The legislation, which was opposed by Fidelity Investments, Vanguard, BlackRock and other major asset managers, would repeal a 2014 requirement that the riskiest funds allow their share prices to float, rather than maintain a stable $1 value. The panel’s action clears the way for a House vote on the measure.
Representative Keith Rothfus, a Pennsylvania Republican who sponsored the legislation, said it aims to fix a “misguided Securities and Exchange Commission rule” that has disrupted markets and also caused municipal borrowing costs to rise. He said more than 60 lawmakers, both Democrats and Republicans, were co-sponsors of the bill.
While the prospects for passage in the Senate are dim, the 34-21 committee vote is a victory for Federated Investors, which has a large money fund business and has been fighting the SEC regulation for years. The Pittsburgh-based firm joined with state treasurers, pension funds and other businesses to form the Coalition for Investor Choice to lobby for the bill.
Other fund companies disputed the group’s contention that the SEC rule was responsible for increased borrowing costs for cities and towns.
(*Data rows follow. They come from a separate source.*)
(* Let $f,\ell,\hat\ell\in\mathbb{C}[X]$ with $r:=\deg(f)>1$ and $\ell,\hat\ell$ linear, and let $n\ge 2$ be an integer. (1) If $f^{\circ n}=\ell\circ X^{r^n}\circ\hat\ell$, then $f(X)=\ell\big(\alpha\,(\ell^{\circ(-1)}(X))^r\big)$ for some $\alpha\in\mathbb{C}^*$, i.e. $f=\ell\circ\alpha X^r\circ\ell^{\circ(-1)}$. (2) If $f^{\circ n}=\ell\circ T_{r^n}\circ\hat\ell$ and $(r,n)\ne(2,2)$, then $f(X)=\ell\big(T_r(\epsilon\,\ell^{\circ(-1)}(X))\big)$ for some $\epsilon\in\{1,-1\}$.
   Context: $f^{\circ n}$ denotes the $n$-th iterate of $f$ under composition. A linear polynomial has degree exactly $1$; $\ell^{\circ(-1)}$ is its compositional inverse. $T_m$ is the Chebyshev polynomial defined by $T_m(X+X^{-1})=X^m+X^{-m}$. *)

theory Defs
  imports "HOL-Computational_Algebra.Polynomial"
begin

definition piter :: "nat \<Rightarrow> 'a::comm_ring_1 poly \<Rightarrow> 'a poly" where
  "piter n f = ((\<lambda>g. pcompose f g) ^^ n) [:0, 1:]"

definition linv :: "'a::field poly \<Rightarrow> 'a poly" where
  "linv l = (THE m. pcompose l m = [:0, 1:] \<and> pcompose m l = [:0, 1:])"

text \<open>Chebyshev (Dickson-normalised) polynomial: T_m(X + X^-1) = X^m + X^-m.\<close>
definition cheb :: "nat \<Rightarrow> complex poly" where
  "cheb m = (THE p. \<forall>z::complex. z \<noteq> 0 \<longrightarrow> poly p (z + inverse z) = z ^ m + inverse z ^ m)"

end

theory Submission
  imports Defs "HOL-Computational_Algebra.Fundamental_Theorem_Algebra"
begin

(*
  Conjugating by the linear polynomial l, g = l^-1 o f o l, reduces both parts to
  l = X: the hypothesis becomes g^n = Lambda^(r^n), resp. g^n = T_(r^n) o Lambda, with
  Lambda = lh o l linear, and the claim becomes g = alpha X^r, resp. g = T_r(eps X).

  Power case: g o g^(n-1) = Lambda^N vanishes only at the root x0 of Lambda, so
  g = c (X - y0)^r and g^(n-1) - y0 = d (X - x0)^M.  A root of g^(n-2) - y0 is a
  critical point of g^(n-1) = c (g^(n-2) - y0)^r, hence equals x0, forcing y0 = 0.

  Chebyshev case: P = T_N o Lambda satisfies (Lambda^2 - 4) P'^2 = K (P^2 - 4), and
  +-T_d is the only polynomial solution of degree d of the Chebyshev equation.
  Hence A o B = T_N o Lambda implies A = +-T_a o mu with mu linear (outer rigidity:
  A'^2 divides A^2 - 4 with a quadratic quotient having distinct roots) and
  mu o B = +-T_b o Lambda (inner rigidity).  Applied to g o g^(n-1) and g^(n-1) o g
  this gives a linear relation between two linear twists of T_M, M = r^(n-1) >= 3,
  which forces mu = +-X by comparing the top three coefficients.  The sign case
  g = -T_r with r even is excluded because then g^n = -T_N.
*)

section \<open>Chebyshev polynomials\<close>

fun chebT :: "nat \<Rightarrow> complex poly" where
  "chebT 0 = [:2:]"
| "chebT (Suc 0) = [:0, 1:]"
| "chebT (Suc (Suc n)) = [:0, 1:] * chebT (Suc n) - chebT n"

fun chebU :: "nat \<Rightarrow> complex poly" where
  "chebU 0 = 0"
| "chebU (Suc 0) = 1"
| "chebU (Suc (Suc n)) = [:0, 1:] * chebU (Suc n) - chebU n"

lemma numeral_2_mult_poly:
  "(2::'a::comm_ring_1 poly) * p = smult 2 p" "p * (2::'a poly) = smult 2 p"
  by (simp_all add: numeral_poly)

text \<open>The common induction step for T and U on the Joukowski circle:
  z^k + s z^-k satisfies the recurrence of both.\<close>
lemma joukowski_recurrence:
  fixes z u s :: complex
  assumes "z * u = 1"
  shows "(z + u) * (z ^ Suc n + s * u ^ Suc n) - (z ^ n + s * u ^ n)
           = z ^ Suc (Suc n) + s * u ^ Suc (Suc n)"
proof -
  have "(z + u) * (z * A + s * (u * B)) - (A + s * B) = z * (z * A) + s * (u * (u * B))" for A B
    using assms by algebra
  then show ?thesis by simp
qed

lemma chebT_joukowski:
  "z \<noteq> 0 \<Longrightarrow> poly (chebT m) (z + inverse z) = z ^ m + inverse z ^ m"
proof (induction m rule: chebT.induct)
  case (3 n)
  have "poly (chebT (Suc (Suc n))) (z + inverse z)
      = (z + inverse z) * (z ^ Suc n + 1 * inverse z ^ Suc n) - (z ^ n + 1 * inverse z ^ n)"
    using 3 by simp
  also have "\<dots> = z ^ Suc (Suc n) + 1 * inverse z ^ Suc (Suc n)"
    by (rule joukowski_recurrence) (use 3 in simp)
  finally show ?case by simp
qed simp_all

lemma chebU_joukowski:
  "z \<noteq> 0 \<Longrightarrow> poly (chebU m) (z + inverse z) * (z - inverse z) = z ^ m - inverse z ^ m"
proof (induction m rule: chebU.induct)
  case (3 n)
  have "poly (chebU (Suc (Suc n))) (z + inverse z) * (z - inverse z)
      = (z + inverse z) * (poly (chebU (Suc n)) (z + inverse z) * (z - inverse z))
        - poly (chebU n) (z + inverse z) * (z - inverse z)"
    by (simp add: algebra_simps)
  also have "\<dots> = (z + inverse z) * (z ^ Suc n + (-1) * inverse z ^ Suc n) - (z ^ n + (-1) * inverse z ^ n)"
    using 3 by simp
  also have "\<dots> = z ^ Suc (Suc n) + (-1) * inverse z ^ Suc (Suc n)"
    by (rule joukowski_recurrence) (use 3 in simp)
  finally show ?case by simp
qed simp_all

lemma joukowski_surj: "\<exists>z::complex. z \<noteq> 0 \<and> w = z + inverse z"
proof -
  define s where "s = csqrt (w\<^sup>2 - 4)"
  have s2: "s\<^sup>2 = w\<^sup>2 - 4" unfolding s_def by simp
  define z where "z = (w + s) / 2"
  have prod: "z * (w - z) = 1" unfolding z_def using s2 by (simp add: field_simps power2_eq_square)
  then have "z \<noteq> 0" by auto
  moreover have "inverse z = w - z" using prod \<open>z \<noteq> 0\<close> by (simp add: field_simps)
  ultimately show ?thesis by (intro exI[of _ z]) auto
qed

lemma poly_eqI_joukowski:
  assumes "\<And>z::complex. z \<noteq> 0 \<Longrightarrow> poly p (z + inverse z) = poly q (z + inverse z)"
  shows "p = q"
proof -
  have "poly p w = poly q w" for w
    using joukowski_surj[of w] assms by auto
  then show ?thesis by (simp add: poly_eq_poly_eq_iff fun_eq_iff flip: poly_eq_poly_eq_iff)
qed

lemma cheb_eq_chebT: "cheb m = chebT m"
  unfolding cheb_def
proof (rule the_equality)
  fix p assume "\<forall>z::complex. z \<noteq> 0 \<longrightarrow> poly p (z + inverse z) = z ^ m + inverse z ^ m"
  then show "p = chebT m" by (intro poly_eqI_joukowski) (simp add: chebT_joukowski)
qed (use chebT_joukowski in blast)

lemma chebT_compose: "pcompose (chebT a) (chebT b) = chebT (a * b)"
proof (rule poly_eqI_joukowski)
  fix z :: complex assume z: "z \<noteq> 0"
  have "poly (pcompose (chebT a) (chebT b)) (z + inverse z) = poly (chebT a) (z ^ b + inverse (z ^ b))"
    using z by (simp add: poly_pcompose chebT_joukowski power_inverse)
  also have "\<dots> = (z ^ b) ^ a + inverse (z ^ b) ^ a" using z by (simp add: chebT_joukowski)
  also have "\<dots> = z ^ (a * b) + inverse z ^ (a * b)"
    by (simp add: power_inverse mult.commute flip: power_mult)
  finally show "poly (pcompose (chebT a) (chebT b)) (z + inverse z) = poly (chebT (a * b)) (z + inverse z)"
    using z by (simp add: chebT_joukowski)
qed

lemma chebT_reflect: "pcompose (chebT m) [:0, -1:] = smult ((-1) ^ m) (chebT m)"
proof (rule poly_eqI_joukowski)
  fix z :: complex assume z: "z \<noteq> 0"
  have "poly (pcompose (chebT m) [:0, -1:]) (z + inverse z) = poly (chebT m) ((-z) + inverse (-z))"
    by (simp add: poly_pcompose)
  also have "\<dots> = (-z) ^ m + inverse (-z) ^ m" using z by (intro chebT_joukowski) simp
  also have "\<dots> = (-1) ^ m * (z ^ m + inverse z ^ m)"
    by (simp add: power_minus' field_simps power_inverse)
  finally show "poly (pcompose (chebT m) [:0, -1:]) (z + inverse z)
              = poly (smult ((-1) ^ m) (chebT m)) (z + inverse z)"
    using z by (simp add: chebT_joukowski)
qed

lemma chebT_scale_sign:
  "c = 1 \<or> c = -1 \<Longrightarrow> pcompose (chebT k) [:0, c:] = smult (c ^ k) (chebT k)"
  using chebT_reflect[of k] by auto

lemma chebT_pell: "chebT m ^ 2 - 4 = [:-4, 0, 1:] * chebU m ^ 2"
proof (rule poly_eqI_joukowski)
  fix z :: complex assume z: "z \<noteq> 0"
  define u where "u = inverse z"
  have zu: "z * u = 1" using z unfolding u_def by simp
  have U: "poly (chebU m) (z + u) * (z - u) = z ^ m - u ^ m"
    using chebU_joukowski z unfolding u_def by simp
  have zum: "z ^ m * u ^ m = 1" using zu by (metis power_mult_distrib power_one)
  have "(z ^ m + u ^ m)\<^sup>2 - 4 = (z ^ m - u ^ m)\<^sup>2"
    using zum by (simp add: power2_eq_square algebra_simps)
  also have "\<dots> = (poly (chebU m) (z + u))\<^sup>2 * ((z + u)\<^sup>2 - 4)"
  proof -
    have "(z - u)\<^sup>2 = (z + u)\<^sup>2 - 4" using zu by (simp add: power2_eq_square algebra_simps)
    then show ?thesis unfolding U[symmetric] by (simp add: power_mult_distrib)
  qed
  moreover have "poly (chebT m ^ 2 - 4) (z + u) = (z ^ m + u ^ m)\<^sup>2 - 4"
    using z by (simp add: chebT_joukowski u_def)
  moreover have "poly ([:-4, 0, 1:] * chebU m ^ 2) (z + u) = (poly (chebU m) (z + u))\<^sup>2 * ((z + u)\<^sup>2 - 4)"
    by (simp add: algebra_simps power2_eq_square)
  ultimately show "poly (chebT m ^ 2 - 4) (z + inverse z) = poly ([:-4, 0, 1:] * chebU m ^ 2) (z + inverse z)"
    unfolding u_def by simp
qed

lemma chebT_chebU:
  "chebT (Suc m) = chebU (Suc (Suc m)) - chebU m \<and>
   chebT (Suc (Suc m)) = chebU (Suc (Suc (Suc m))) - chebU (Suc m)"
proof (induction m)
  case 0 then show ?case by (simp add: numeral_poly)
next
  case (Suc m)
  have "chebT (Suc (Suc (Suc m))) = [:0, 1:] * chebT (Suc (Suc m)) - chebT (Suc m)"
    by (simp only: chebT.simps)
  also have "\<dots> = [:0, 1:] * (chebU (Suc (Suc (Suc m))) - chebU (Suc m)) - (chebU (Suc (Suc m)) - chebU m)"
    using Suc by (simp del: chebU.simps chebT.simps)
  also have "\<dots> = ([:0, 1:] * chebU (Suc (Suc (Suc m))) - chebU (Suc (Suc m)))
                 - ([:0, 1:] * chebU (Suc m) - chebU m)"
    by (simp only: algebra_simps)
  also have "\<dots> = chebU (Suc (Suc (Suc (Suc m)))) - chebU (Suc (Suc m))"
    by (simp only: chebU.simps)
  finally show ?case using Suc by blast
qed

text \<open>T_m' = m U_m (stated for two consecutive indices to make the induction go through).\<close>
lemma pderiv_chebT_pair:
  "pderiv (chebT m) = smult (of_nat m) (chebU m) \<and>
   pderiv (chebT (Suc m)) = smult (of_nat (Suc m)) (chebU (Suc m))"
proof (induction m)
  case 0 then show ?case by (simp add: pderiv_pCons)
next
  case (Suc m)
  have "pderiv (chebT (Suc (Suc m))) = chebT (Suc m) + [:0, 1:] * pderiv (chebT (Suc m)) - pderiv (chebT m)"
    by (simp add: pderiv_mult pderiv_diff pderiv_pCons algebra_simps)
  also have "\<dots> = chebT (Suc m) + smult (of_nat (Suc m)) ([:0, 1:] * chebU (Suc m)) - smult (of_nat m) (chebU m)"
    using Suc by (simp del: chebU.simps chebT.simps)
  also have "\<dots> = chebU (Suc (Suc m)) - chebU m + smult (of_nat (Suc m)) (chebU (Suc (Suc m)) + chebU m)
                 - smult (of_nat m) (chebU m)"
    using chebT_chebU[of m] by (simp only: chebU.simps) simp
  also have "\<dots> = smult (of_nat (Suc (Suc m))) (chebU (Suc (Suc m)))"
    by (simp add: algebra_simps smult_add_left smult_add_right numeral_2_mult_poly
             del: chebU.simps chebT.simps)
  finally show ?case using Suc by simp
qed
In a paper distributed on Capitol Hill, Vanguard attributed the rise to the Federal Reserve’s decision to boost interest rates.
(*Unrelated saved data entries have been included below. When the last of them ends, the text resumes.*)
definition sits_in :: "'a stree \<Rightarrow> 'a \<Rightarrow> nat list set" where
  "sits_in S u = {p. \<exists>cs. subtree S p = Some (Sit u cs)}"

definition nch :: "'a stree \<Rightarrow> nat list \<Rightarrow> nat" where
  "nch S p = (case subtree S p of Some (Sit u cs) \<Rightarrow> length cs | _ \<Rightarrow> 0)"

definition stage_r :: "'a stree \<Rightarrow> 'a \<Rightarrow> nat" where
  "stage_r S u = nch S (SOME p. p \<in> sits_in S u)"

definition paths_edge :: "'a stree \<Rightarrow> nat list \<Rightarrow> nat \<Rightarrow> nat list set" where
  "paths_edge S p k = {l \<in> paths S. \<exists>q. l = p @ k # q}"

definition n_cnt :: "'a stree \<Rightarrow> (nat list \<Rightarrow> nat) \<Rightarrow> 'a \<Rightarrow> nat \<Rightarrow> real" where
  "n_cnt S N u k = (\<Sum>l\<in>{l \<in> paths S. \<exists>p\<in>sits_in S u. \<exists>q. l = p @ k # q}. real (N l))"

definition alpha_jk :: "'a stree \<Rightarrow> real \<Rightarrow> 'a \<Rightarrow> nat \<Rightarrow> real" where
  "alpha_jk S \<alpha> u k = \<alpha> / real (card (paths S)) * (\<Sum>p\<in>sits_in S u. real (card (paths_edge S p k)))"

definition BDepu :: "'a stree \<Rightarrow> (nat list \<Rightarrow> nat) \<Rightarrow> real \<Rightarrow> real" where
  "BDepu S N \<alpha> = (\<Prod>u\<in>stages S.
      let r = stage_r S u;
          ab = (\<Sum>k<r. alpha_jk S \<alpha> u k);
          nb = (\<Sum>k<r. n_cnt S N u k)
      in Gamma ab / Gamma (ab + nb) *
         (\<Prod>k<r. Gamma (alpha_jk S \<alpha> u k + n_cnt S N u k) / Gamma (alpha_jk S \<alpha> u k)))"

fun kids :: "'a stree \<Rightarrow> 'a stree list" where
  "kids Leaf = []"
| "kids (Sit u cs) = cs"

definition is_twin :: "'a stree \<Rightarrow> bool" where
  "is_twin t \<longleftrightarrow> (\<exists>v cs u r2. t = Sit v cs \<and> cs \<noteq> [] \<and>
      (\<forall>c\<in>set cs. \<exists>ds. c = Sit u ds \<and> length ds = r2))"

definition swap_twin :: "'a stree \<Rightarrow> 'a stree" where
  "swap_twin t = (case t of
      Sit v cs \<Rightarrow> (case hd cs of
          Sit u ds0 \<Rightarrow> Sit u (map (\<lambda>i. Sit v (map (\<lambda>c. kids c ! i) cs)) [0..<length ds0])
        | Leaf \<Rightarrow> t)
    | Leaf \<Rightarrow> t)"

fun upd_at :: "nat list \<Rightarrow> ('a stree \<Rightarrow> 'a stree) \<Rightarrow> 'a stree \<Rightarrow> 'a stree" where
  "upd_at [] f t = f t"
| "upd_at (i # p) f Leaf = Leaf"
| "upd_at (i # p) f (Sit u cs) =
     (if i < length cs then Sit u (cs[i := upd_at p f (cs ! i)]) else Sit u cs)"

text \<open>Path bijection induced by swapping the twin at position p:
  p @ k # t # rest  \<mapsto>  p @ t # k # rest; other paths unchanged.\<close>
definition swap_path :: "nat list \<Rightarrow> nat list \<Rightarrow> nat list" where
  "swap_path p l = (if (\<exists>k t q. l = p @ k # t # q)
     then p @ [l ! (length p + 1), l ! length p] @ drop (length p + 2) l else l)"

text \<open>A swap operator: a finite sequence of single-twin swaps at given positions.\<close>
fun valid_swaps :: "nat list list \<Rightarrow> 'a stree \<Rightarrow> bool" where
  "valid_swaps [] S = True"
| "valid_swaps (p # ps) S =
     ((\<exists>t. subtree S p = Some t \<and> is_twin t) \<and> valid_swaps ps (upd_at p swap_twin S))"

fun swap_op :: "nat list list \<Rightarrow> 'a stree \<Rightarrow> 'a stree" where
  "swap_op [] S = S"
| "swap_op (p # ps) S = swap_op ps (upd_at p swap_twin S)"

fun swap_op_path :: "nat list list \<Rightarrow> nat list \<Rightarrow> nat list" where
  "swap_op_path [] l = l"
| "swap_op_path (p # ps) l = swap_op_path ps (swap_path p l)"

end

(* A swap only exchanges the two levels of a twin.  Hence it changes no situation's pair
   (stage, number of children), it preserves square-freeness, and the induced involution of
   root-to-leaf paths maps, for every stage u and edge label k, the set of paths through the
   k-th edge of some situation of stage u onto the corresponding set of the swapped tree.
   In a square-free tree these sets are disjoint unions of the sets Lambda(e) over the
   situations of u, so alpha_jk is alpha times their size over |Lambda|, and n_jk counts the
   units on them; the BDepu score is therefore invariant under the swap. *)

theory Submission
  imports Defs "HOL-Library.Sublist"
begin

text \<open>Swapping a twin changes the subtrees at all ancestors of the twin, but not their
  shapes, so the swap is described and analysed through shapes.\<close>
datatype 'a node_shape = No_Node | Leaf_Node | Sit_Node 'a nat

definition shape_at :: "'a stree \<Rightarrow> nat list \<Rightarrow> 'a node_shape" where
  "shape_at S x = (case subtree S x of
     None \<Rightarrow> No_Node
   | Some Leaf \<Rightarrow> Leaf_Node
   | Some (Sit u cs) \<Rightarrow> Sit_Node u (length cs))"

lemma shape_at_Nil: "shape_at (Sit u cs) [] = Sit_Node u (length cs)"
  by (simp add: shape_at_def)

lemma shape_at_Cons:
  "shape_at (Sit u cs) (j # x) = (if j < length cs then shape_at (cs ! j) x else No_Node)"
  by (simp add: shape_at_def)

lemma subtree_append: "subtree t (x @ y) = Option.bind (subtree t x) (\<lambda>s. subtree s y)"
  by (induction t x rule: subtree.induct) auto

lemma shape_at_append: "subtree S x = Some t \<Longrightarrow> shape_at S (x @ y) = shape_at t y"
  by (simp add: shape_at_def subtree_append)

lemma shape_at_append_present: "shape_at S (x @ y) \<noteq> No_Node \<Longrightarrow> shape_at S x \<noteq> No_Node"
  by (cases "subtree S x") (auto simp: shape_at_def subtree_append split: stree.splits)

lemma shape_at_eq_Leaf_Node_iff: "shape_at S x = Leaf_Node \<longleftrightarrow> subtree S x = Some Leaf"
  by (auto simp: shape_at_def split: option.splits stree.splits)

lemma shape_at_eq_Sit_Node_iff:
  "shape_at S x = Sit_Node u n \<longleftrightarrow> (\<exists>cs. subtree S x = Some (Sit u cs) \<and> length cs = n)"
  by (auto simp: shape_at_def split: option.splits stree.splits)

lemma paths_shape_at: "paths S = {l. shape_at S l = Leaf_Node}"
  by (simp add: paths_def shape_at_eq_Leaf_Node_iff)

lemma sits_in_shape_at: "sits_in S w = {x. \<exists>n. shape_at S x = Sit_Node w n}"
  by (auto simp: sits_in_def shape_at_eq_Sit_Node_iff)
“The coincidental timing of these increases and of money market reform has led to misidentification of the true causation of higher municipal yields,” Vanguard wrote.
Mutual fund firms and ICI had mostly opposed the SEC’s move to require the floating share price, but they told lawmakers changing the rule would be expensive and potentially troubling to the markets.
“The new regulatory regime involved substantial and costly operational changes implemented on a very aggressive timetable, but money market funds and the money markets have adjusted,” ICI President Paul Schott Stevens wrote in a Jan. 12 letter to committee members. “The consensus of our member leadership is that reopening these reforms is not appropriate or desirable.”
Commission staffers are probing how broker-dealers are handling ETFs and the extent to which investors understand the risks of the funds.
SEC Chairman Jay Clayton, in a letter last year to Representative Carolyn Maloney, also urged caution, noting that the agency’s rule had only been fully put in place in October 2016. “I am concerned that making major changes at this time could be disruptive to the short-term funding markets,” Clayton wrote.
The SEC’s reforms came in response to a September 2008 run on the Reserve Primary Fund after its share price dropped below $1, causing investors to withdraw money at other funds and helping freeze credit markets. The Treasury Department was ultimately forced to stem the panic by temporarily guaranteeing shareholders against losses.
Among the lawmakers voting against the legislation were Representatives Bill Huizenga, the Michigan Republican who leads the Financial Services capital markets subcommittee, and New York’s Maloney, the panel’s top Democrat.
“I oppose this bill because I think it rolls back one of the most important post-crisis reforms we made,” Maloney said.